JEREMY Corbyn has given the key task of co-ordinating Labour’s push for power to two MPs as he completed his frontline reshuffle in wake of the raft of resignations over the Brexit Bill.

The little-known Ian Lavery and Andrew Gwynne have been appointed joint national elections and campaign co-ordinators, replacing Corbyn loyalist Jon Trickett, who becomes Shadow Minister for the Cabinet Office.

The appointment of Messrs Lavery and Gwynne comes less than a fortnight before two crunch by-election battles in Copeland and Stoke-on-Trent Central, where Labour is defending seats against challenges from the Conservatives and Ukip.

Plus, the two new election chiefs will also face the prospect of local elections north and south of the border in May.

It was suggested that Mr Trickett was said by friends to be very upset that his sideways move had been leaked before he was formally told about it.

A source close to the party leader made clear: "Any suggestion of sacking or demotion is wrong. Jon remains and will remain a key part of the core team.”

But another insider said: “He's being demoted because they were fed up with his uselessness."

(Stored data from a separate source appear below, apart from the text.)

(* Let $N(T)$ be a $C^0$ net on a grid $T$ having the BMSDD property with constant $L$. Then the piecewise Coons patch $\mathcal{C}(N):\mathbb{R}^2\to\mathbb{R}^m$ has the BMSDD property with constant $3L$ in $\mathbb{R}^2$.
   Context: For strictly increasing bi-infinite real sequences $(s_i)$, $(t_j)$, unbounded above and below, the grid is $T=\bigcup_i\{s_i\}\times\mathbb{R}\cup\bigcup_j\mathbb{R}\times\{t_j\}$. A net $N(T)$ is a function on $T$ with values in $\mathbb{R}^m$; it is $C^0$ if all u-functions $s\mapsto N(s,t_j)$, $t\mapsto N(s_i,t)$ are continuous. The piecewise Coons patch is defined on each rectangle $[s_i,s_{i+1}]\times[t_j,t_{j+1}]$, with $h_1=s_{i+1}-s_i$, $h_2=t_{j+1}-t_j$, by $\mathcal{C}(N)(s,t)=\frac{s_{i+1}-s}{h_1}N(s_i,t)+\frac{s-s_i}{h_1}N(s_{i+1},t)+\frac{t_{j+1}-t}{h_2}N(s,t_j)+\frac{t-t_j}{h_2}N(s,t_{j+1})-B(s,t)$, with $B(s,t)=\frac{s_{i+1}-s}{h_1}\big(\frac{t_{j+1}-t}{h_2}N(s_i,t_j)+\frac{t-t_j}{h_2}N(s_i,t_{j+1})\big)+\frac{s-s_i}{h_1}\big(\frac{t_{j+1}-t}{h_2}N(s_{i+1},t_j)+\frac{t-t_j}{h_2}N(s_{i+1},t_{j+1})\big)$. For $\sigma_1\ne\sigma_2$, $\tau_1\ne\tau_2$, $[\sigma_1,\sigma_2;\tau_1,\tau_2]G=\frac{G(\sigma_1,\tau_1)+G(\sigma_2,\tau_2)-G(\sigma_2,\tau_1)-G(\sigma_1,\tau_2)}{(\sigma_1-\sigma_2)(\tau_1-\tau_2)}$. A net $N(T)$ has the BMSDD property with constant $L$ if $\|[\sigma_1,\sigma_2;\tau_1,\tau_2]N\|_\infty\le L$ whenever all four points $(\sigma_i,\tau_j)$ lie in $T$; a function $G$ on $\mathbb{R}^2$ has the BMSDD property with constant $L$ in $\mathbb{R}^2$ if this bound holds for all $\sigma_1\ne\sigma_2$, $\tau_1\ne\tau_2$. *)

theory Defs
  imports "HOL-Analysis.Analysis"
begin

definition knot_seq :: "(int \<Rightarrow> real) \<Rightarrow> bool" where
  "knot_seq s \<longleftrightarrow> strict_mono s \<and> (\<forall>x. \<exists>i. x < s i) \<and> (\<forall>x. \<exists>i. s i < x)"

definition grid :: "(int \<Rightarrow> real) \<Rightarrow> (int \<Rightarrow> real) \<Rightarrow> (real \<times> real) set" where
  "grid s t = {(x, y). (\<exists>i. x = s i) \<or> (\<exists>j. y = t j)}"

text \<open>A net is represented by a function on R^2 of which only the values on the grid matter.
  It is C^0 if all u-functions are continuous.\<close>
definition C0_net :: "(int \<Rightarrow> real) \<Rightarrow> (int \<Rightarrow> real) \<Rightarrow> (real \<Rightarrow> real \<Rightarrow> 'a::topological_space) \<Rightarrow> bool" where
  "C0_net s t N \<longleftrightarrow> (\<forall>j. continuous_on UNIV (\<lambda>x. N x (t j))) \<and> (\<forall>i. continuous_on UNIV (\<lambda>y. N (s i) y))"

definition knot_idx :: "(int \<Rightarrow> real) \<Rightarrow> real \<Rightarrow> int" where
  "knot_idx s x = (THE i. s i \<le> x \<and> x < s (i + 1))"

text \<open>Piecewise Coons patch (on the closed rectangles the formula agrees on shared edges,
  so using half-open cells is no restriction).\<close>
definition coons :: "(int \<Rightarrow> real) \<Rightarrow> (int \<Rightarrow> real) \<Rightarrow> (real \<Rightarrow> real \<Rightarrow> 'a::real_vector) \<Rightarrow> real \<Rightarrow> real \<Rightarrow> 'a" where
  "coons s t N x y =
    (let i = knot_idx s x; j = knot_idx t y;
         h1 = s (i+1) - s i; h2 = t (j+1) - t j;
         a0 = (s (i+1) - x) / h1; a1 = (x - s i) / h1;
         b0 = (t (j+1) - y) / h2; b1 = (y - t j) / h2;
         B = a0 *\<^sub>R (b0 *\<^sub>R N (s i) (t j) + b1 *\<^sub>R N (s i) (t (j+1)))
           + a1 *\<^sub>R (b0 *\<^sub>R N (s (i+1)) (t j) + b1 *\<^sub>R N (s (i+1)) (t (j+1)))
     in a0 *\<^sub>R N (s i) y + a1 *\<^sub>R N (s (i+1)) y + b0 *\<^sub>R N x (t j) + b1 *\<^sub>R N x (t (j+1)) - B)"

definition mdd :: "(real \<Rightarrow> real \<Rightarrow> 'a::real_vector) \<Rightarrow> real \<Rightarrow> real \<Rightarrow> real \<Rightarrow> real \<Rightarrow> 'a" where
  "mdd G \<sigma>1 \<sigma>2 \<tau>1 \<tau>2 =
     (1 / ((\<sigma>1 - \<sigma>2) * (\<tau>1 - \<tau>2))) *\<^sub>R (G \<sigma>1 \<tau>1 + G \<sigma>2 \<tau>2 - G \<sigma>2 \<tau>1 - G \<sigma>1 \<tau>2)"

definition BMSDD_net :: "(int \<Rightarrow> real) \<Rightarrow> (int \<Rightarrow> real) \<Rightarrow> (real \<Rightarrow> real \<Rightarrow> real ^ 'm) \<Rightarrow> real \<Rightarrow> bool" where
  "BMSDD_net s t N L \<longleftrightarrow>
     (\<forall>\<sigma>1 \<sigma>2 \<tau>1 \<tau>2. \<sigma>1 \<noteq> \<sigma>2 \<and> \<tau>1 \<noteq> \<tau>2 \<and>
        (\<sigma>1, \<tau>1) \<in> grid s t \<and> (\<sigma>1, \<tau>2) \<in> grid s t \<and> (\<sigma>2, \<tau>1) \<in> grid s t \<and> (\<sigma>2, \<tau>2) \<in> grid s t
        \<longrightarrow> infnorm (mdd N \<sigma>1 \<sigma>2 \<tau>1 \<tau>2) \<le> L)"

definition BMSDD_R2 :: "(real \<Rightarrow> real \<Rightarrow> real ^ 'm) \<Rightarrow> real \<Rightarrow> bool" where
  "BMSDD_R2 G L \<longleftrightarrow>
     (\<forall>\<sigma>1 \<sigma>2 \<tau>1 \<tau>2. \<sigma>1 \<noteq> \<sigma>2 \<and> \<tau>1 \<noteq> \<tau>2 \<longrightarrow> infnorm (mdd G \<sigma>1 \<sigma>2 \<tau>1 \<tau>2) \<le> L)"

end

theory Submission
  imports Defs
begin

text \<open>On a single cell the Coons patch is bilinearly blended from its boundary curves, and its
  mixed difference over any rectangle \<open>[a,b] \<times> [c,d]\<close> is an explicit combination of three
  mixed differences of the net: one with both abscissae on the vertical cell edges, one with both
  ordinates on the horizontal cell edges, and the corner one. Each of them is controlled by the
  BMSDD constant of the net, and the blending weights exactly cancel the cell widths, so the
  patch satisfies the bound \<open>3L (b - a) (d - c)\<close> for rectangles inside one cell. Mixed
  differences are additive under subdivision of either side, so splitting an arbitrary rectangle
  along the grid lines extends the bound to all of \<open>\<real>\<^sup>2\<close>.\<close>

subsection \<open>Knot intervals\<close>

lemma knot_seq_less_iff: "knot_seq s \<Longrightarrow> s i < s k \<longleftrightarrow> i < k"
  unfolding knot_seq_def by (simp add: strict_mono_less)

lemma knot_seq_neq_next: "knot_seq s \<Longrightarrow> s i \<noteq> s (i + 1)"
  by (simp add: knot_seq_less_iff less_imp_neq)

lemma knot_interval_unique:
  assumes "knot_seq s" "s i \<le> x" "x < s (i + 1)" "s k \<le> x" "x < s (k + 1)"
  shows "i = k"
proof -
  have "i < k + 1" "k < i + 1"
    using assms by (simp_all flip: knot_seq_less_iff[OF assms(1)])
  then show ?thesis by simp
qed

lemma knot_interval_exists:
  assumes s: "knot_seq s"
  shows "\<exists>i. s i \<le> x \<and> x < s (i + 1)"
proof -
  obtain m k where m: "s m < x" and k: "x < s k"
    using s unfolding knot_seq_def by blast
  then have "m + 1 \<le> k"
    using knot_seq_less_iff[OF s, of m k] by simp
  then have "x < s k \<longrightarrow> (\<exists>i. s i \<le> x \<and> x < s (i + 1))"
  proof (induction k rule: int_ge_induct)
    case base
    then show ?case using m by (auto intro: less_imp_le)
  next
    case (step k)
    then show ?case using not_less by blast
  qed
  then show ?thesis using k by blast
qed

lemma knot_idx_bounds:
  assumes "knot_seq s"
  shows "s (knot_idx s x) \<le> x" and "x < s (knot_idx s x + 1)"
proof -
  have "\<exists>!i. s i \<le> x \<and> x < s (i + 1)"
    using knot_interval_exists[OF assms] knot_interval_unique[OF assms] by blast
  then have "s (knot_idx s x) \<le> x \<and> x < s (knot_idx s x + 1)"
    unfolding knot_idx_def by (rule theI')
  then show "s (knot_idx s x) \<le> x" and "x < s (knot_idx s x + 1)" by auto
qed

lemma knot_idx_eqI: "knot_seq s \<Longrightarrow> s i \<le> x \<Longrightarrow> x < s (i + 1) \<Longrightarrow> knot_idx s x = i"
  using knot_idx_bounds knot_interval_unique by metis

lemma knot_idx_knot: "knot_seq s \<Longrightarrow> knot_idx s (s k) = k"
  by (rule knot_idx_eqI) (simp_all add: knot_seq_less_iff)

lemma knot_idx_mono:
  assumes s: "knot_seq s" and "x \<le> y"
  shows "knot_idx s x \<le> knot_idx s y"
proof -
  have "s (knot_idx s x) < s (knot_idx s y + 1)"
    using knot_idx_bounds[OF s, of x] knot_idx_bounds[OF s, of y] \<open>x \<le> y\<close> by linarith
  then show ?thesis by (simp add: knot_seq_less_iff[OF s])
qed

lemma knot_cellwise_bound_extends:
  fixes \<phi> :: "real \<Rightarrow> real \<Rightarrow> real"
  assumes s: "knot_seq s"
    and subadd: "\<And>a b c. a < b \<Longrightarrow> b < c \<Longrightarrow> \<phi> a c \<le> \<phi> a b + \<phi> b c"
    and cell: "\<And>i a b. s i \<le> a \<Longrightarrow> a < b \<Longrightarrow> b \<le> s (i + 1) \<Longrightarrow> \<phi> a b \<le> M * (b - a)"
    and "a < b"
  shows "\<phi> a b \<le> M * (b - a)"
  using \<open>a < b\<close>
proof (induction "nat (knot_idx s b - knot_idx s a)" arbitrary: a rule: less_induct)
  case less
  define i where "i = knot_idx s a"
  have a: "s i \<le> a" "a < s (i + 1)"
    using knot_idx_bounds[OF s, of a] by (simp_all add: i_def)
  show ?case
  proof (cases "b \<le> s (i + 1)")
    case True
    then show ?thesis using cell a less.prems by blast
  next
    case False
    let ?c = "s (i + 1)"
    have "knot_idx s ?c \<le> knot_idx s b"
      using False by (intro knot_idx_mono[OF s]) simp
    then have "nat (knot_idx s b - knot_idx s ?c) < nat (knot_idx s b - knot_idx s a)"
      by (simp add: knot_idx_knot[OF s] i_def)
    then have "\<phi> ?c b \<le> M * (b - ?c)"
      using less.hyps False by simp
    moreover have "\<phi> a ?c \<le> M * (?c - a)"
      using cell a by blast
    ultimately show ?thesis
      using subadd[of a ?c b] a False by (simp add: algebra_simps)
  qed
qed
definition nonconstant3 :: "poly3 \<Rightarrow> bool" where
  "nonconstant3 P \<longleftrightarrow> (\<exists>m. m \<noteq> (0,0,0) \<and> P m \<noteq> 0)"

(* singular point (affine representative in C^3 \ {0}) of the foliation
   omega = A 0 dx0 + A 1 dx1 + A 2 dx2 *)
definition fol_singular :: "(nat \<Rightarrow> poly3) \<Rightarrow> complex \<Rightarrow> complex \<Rightarrow> complex \<Rightarrow> bool" where
  "fol_singular A z0 z1 z2 \<longleftrightarrow> (z0, z1, z2) \<noteq> (0, 0, 0) \<and>
     (\<forall>i\<le>2. eval3 (A i) z0 z1 z2 = 0)"

(* F defines an invariant algebraic curve of omega = sum A i dx_i:
   F nonconstant quasi-homogeneous and omega \<and> dF = F Theta for a polynomial
   2-form Theta; the coefficient of dx_i \<and> dx_j (i<j) of omega \<and> dF is
   A_i dF/dx_j - A_j dF/dx_i. *)
definition invariant_curve ::
  "nat \<Rightarrow> nat \<Rightarrow> nat \<Rightarrow> (nat \<Rightarrow> poly3) \<Rightarrow> poly3 \<Rightarrow> bool" where
  "invariant_curve l0 l1 l2 A F \<longleftrightarrow>
     (\<exists>d. quasi_hom3 l0 l1 l2 d F) \<and> nonconstant3 F \<and>
     (\<forall>i j. i < j \<and> j \<le> 2 \<longrightarrow>
        (\<exists>\<Theta>. is_poly3 \<Theta> \<and>
           add3 (mult3 (A i) (pderiv3 j F)) (smult3 (-1) (mult3 (A j) (pderiv3 i F)))
             = mult3 F \<Theta>))"

definition Gpoly :: "nat \<Rightarrow> nat \<Rightarrow> nat \<Rightarrow> poly3" where
  "Gpoly l0 l1 l2 = add3 (monom3 (l1*l2, 0, 0))
      (add3 (monom3 (0, l0*l2, 0)) (monom3 (0, 0, l0*l1)))"

(* components of
   beta = x0 x1 x2 G (lam l1 l2 dx0/x0 + mu l0 l2 dx1/x1 + gam l0 l1 dx2/x2
                        - (lam+mu+gam) dG/G)
        = sum_i [ c_i (x0x1x2/x_i) G - (lam+mu+gam) x0x1x2 dG/dx_i ] dx_i *)
definition beta_fol ::
  "nat \<Rightarrow> nat \<Rightarrow> nat \<Rightarrow> complex \<Rightarrow> complex \<Rightarrow> complex \<Rightarrow> nat \<Rightarrow> poly3" where
  "beta_fol l0 l1 l2 lam mu gam i =
     (let G = Gpoly l0 l1 l2;
          c = (if i = 0 then lam * of_nat (l1*l2)
               else if i = 1 then mu * of_nat (l0*l2) else gam * of_nat (l0*l1));
          e = (if i = 0 then (0,1,1) else if i = 1 then (1,0,1) else (1,1,0))
      in add3 (smult3 c (mult3 (monom3 e) G))
              (smult3 (-(lam+mu+gam)) (mult3 (monom3 (1,1,1)) (pderiv3 i G))))"

end

(*
  Write w_i = l0 l1 l2 / l_i and X_i = x_i^w_i. In the coordinates X_i the form beta is the
  logarithmic form with residues lam, mu, gam, -(lam+mu+gam) along X_0 X_1 X_2 (X_0+X_1+X_2) = 0,
  and every point z with (X_0(z), X_1(z), X_2(z)) = (lam, mu, gam) is a singularity off the
  coordinate lines.

  An invariant curve F = 0 is an eigenpolynomial, D F = K F, of the derivation D induced by a
  vector field that beta annihilates. The product N of the conjugates of F under the group of
  roots of unity mu_w0 x mu_w1 x mu_w2 is again an eigenpolynomial; it is a polynomial in the X_i,
  and its eigenvalue is linear in the X_i. Comparing the eigenvalues at extremal monomials, where
  the Z-linear independence of lam, mu, gam enters, forces N = c x^m G^e with G = X_0+X_1+X_2.
  Since G(z) = lam+mu+gam is nonzero, N(z) is nonzero, hence so is F(z).
*)

theory Submission
  imports Defs "HOL-Computational_Algebra.Polynomial"
    "HOL-Library.Product_Plus" "HOL-Library.Product_Order"
begin

lemma cis_root_power_eq_1_imp_dvd:
  assumes "n > 0" and "cis (2 * pi / real n) ^ a = 1"
  shows "n dvd a"
proof -
  have "cos (2 * pi * real a / real n) = 1"
    using assms(2) by (simp add: DeMoivre complex_eq_iff mult_ac)
  then obtain k :: int where "2 * pi * real a / real n = real_of_int k * 2 * pi"
    by (subst (asm) cos_one_2pi_int) blast
  then have "real_of_int (int a) = real_of_int (k * int n)"
    using assms(1) by (simp add: field_simps)
  then have "int a = k * int n"
    by (simp only: of_int_eq_iff)
  then show ?thesis
    by (metis dvd_triv_right int_dvd_int_iff)
qed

Mr Lavery, who represents Wansbeck in Northumberland, is firmly on the left of the party. A former miner, he was arrested several times during the miners’ strike of the 1980s. He rose through the ranks and succeeded Arthur Scargill as President of the National Union of Mineworkers before entering Parliament in 2010.

Mr Gwynne is the MP for Denton and Reddish in Greater Manchester. In the mid-1990s aged 21, he became the youngest councillor in England and when elected to Parliament aged 30 was Labour’s youngest MP among the 2005 intake. In December 2015, the backbencher ran the Oldham West and Royton by-election, helping Jim McMahon notch up a convincing victory.

It was still unclear by yesterday evening if Mr Corbyn would discipline more than a dozen rebels who have junior frontbench roles and who voted against the whip in this week’s Brexit Bill.

While the matter is being left up to Nick Brown, the Chief Whip, it is thought the leader, given the gaps on the frontbench, can ill afford to create even more and so will take either minimal or no action against those who defied him.